Jim is gone now, but for all that, and for much more, this progress report, this book, with respect and friendship, for
Fear is implanted in us as a preservative from evil; but its duty, like that of other passions, is not to overbear reason, but to assist it. It should not be suffered to tyrannize in the imagination, to raise phantoms of horror, or to beset life with supernumerary distresses.

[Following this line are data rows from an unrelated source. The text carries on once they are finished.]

theorem theorem2:
  fixes \<Phi> \<Psi> :: "'a::euclidean_space set"
    and Ds Ws :: "'a set list" and i :: nat and C :: "'a set"
  assumes "root_system \<Phi>"
    and "root_subsystem \<Phi> \<Psi>"
    and "gallery \<Psi> (Ds, Ws)"
    and "i \<le> length Ws"
    and "C \<in> Ch \<Phi>"
    and "lifts_chamber \<Phi> \<Psi> C (Ds ! i)"
  shows "\<exists>!\<Gamma>. gallery \<Phi> \<Gamma> \<and> lifts_gallery \<Phi> \<Psi> \<Gamma> (Ds, Ws) \<and> fst \<Gamma> ! i = C"
proof -
  let ?ok = "\<lambda>j X. X \<in> Ch \<Phi> \<and> lifts_chamber \<Phi> \<Psi> X (Ds ! j)"
  let ?adj = "\<lambda>j X Y. connected_through X Y (Ws ! j)"
  have "\<exists>!Cs. is_path ?ok ?adj (length Ws) Cs \<and> Cs ! i = C"
  proof (rule ex1_path_through)
    show "\<exists>!Y. ?ok (Suc j) Y \<and> ?adj j X Y" if j: "j < length Ws" and X: "?ok j X" for j X
      using gallery_lift_step(1)[OF assms(1-3) j X[THEN conjunct1] X[THEN conjunct2]] .
    show "\<exists>!X. ?ok j X \<and> ?adj j X Y" if j: "j < length Ws" and Y: "?ok (Suc j) Y" for j Y
      using gallery_lift_step(2)[OF assms(1-3) j Y[THEN conjunct1] Y[THEN conjunct2]] .
  qed (use assms(4-6) in simp_all)
  then obtain Cs where Cs: "is_path ?ok ?adj (length Ws) Cs \<and> Cs ! i = C"
    and Cs_unique: "\<forall>Cs'. is_path ?ok ?adj (length Ws) Cs' \<and> Cs' ! i = C \<longrightarrow> Cs' = Cs"
    by (rule ex1E)
  have "\<Psi> \<subseteq> \<Phi>" using assms(2) by (simp add: root_subsystem_def)
  note lift_iff = gallery_lift_iff_path[OF assms(3) this]
  show ?thesis
  proof (rule ex1I[of _ "(Cs, Ws)"])
    show "gallery \<Phi> (Cs, Ws) \<and> lifts_gallery \<Phi> \<Psi> (Cs, Ws) (Ds, Ws) \<and> fst (Cs, Ws) ! i = C"
      using Cs lift_iff[of "(Cs, Ws)"] by simp
  next
    fix \<Gamma> assume "gallery \<Phi> \<Gamma> \<and> lifts_gallery \<Phi> \<Psi> \<Gamma> (Ds, Ws) \<and> fst \<Gamma> ! i = C"
    then have "snd \<Gamma> = Ws" "is_path ?ok ?adj (length Ws) (fst \<Gamma>) \<and> fst \<Gamma> ! i = C"
      using lift_iff[of \<Gamma>] by simp_all
    then show "\<Gamma> = (Cs, Ws)" using Cs_unique by (simp add: prod_eq_iff)
  qed
qed

end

Introduction: MORTAL DREADS
With a touch of quiet pride the Author states that he has watched the Johnny Carson Show only once in his life. (The single blot on an otherwise exemplary record occurred when I was pressed, one night, into sitting through consummate dreariness to reach the moment when Robert Blake, a friend of many years even though he’s an actor, was to sit and talk to Orson Welles, one of my heroes despite his hawking of inferior commercial wines. It was a moment I wish had been denied me. Bob, a good and decent and talented man, clever, witty and articulate, perhaps driven mad by the fame and cheap notoriety of having become a television cult hero for several seasons, proceeded to insult Mr. Welles in a manner I suppose he thought was bright badinage. It was a maleficent spectacle in overwhelming bad taste, culminating in Bob’s passing a remark about Mr. Welles’s girth.
(Welles sat silently for a moment as the audience—and I—winced in disbelief and horror. Then he said, very softly, very softly, “My weight is correctable only with enormous difficulty at my age, but I live with it comfortably; as opposed to your bad manners.”)
There should be benign deities who would send ravens to pluck out one’s eyes so such sights could be avoided.
I did not need to see my friend make an ass of himself. And I sat there thinking, for a wonder, is
And I could not contain my sorrow that my friend had been driven mad by television, to sit there having been gulled into thinking he was having a “conversation” before so many millions of moon-white eyes in darkened bedrooms. But this time I will not inveigh against the Monster Video; that was the fulmination that served to introduce my previous collection of stories,
No, this time I would speak of conversation; of speaking to the true and universal darkness that fills so much of our souls. Of mortal dreads and the value of such terrors as I present here.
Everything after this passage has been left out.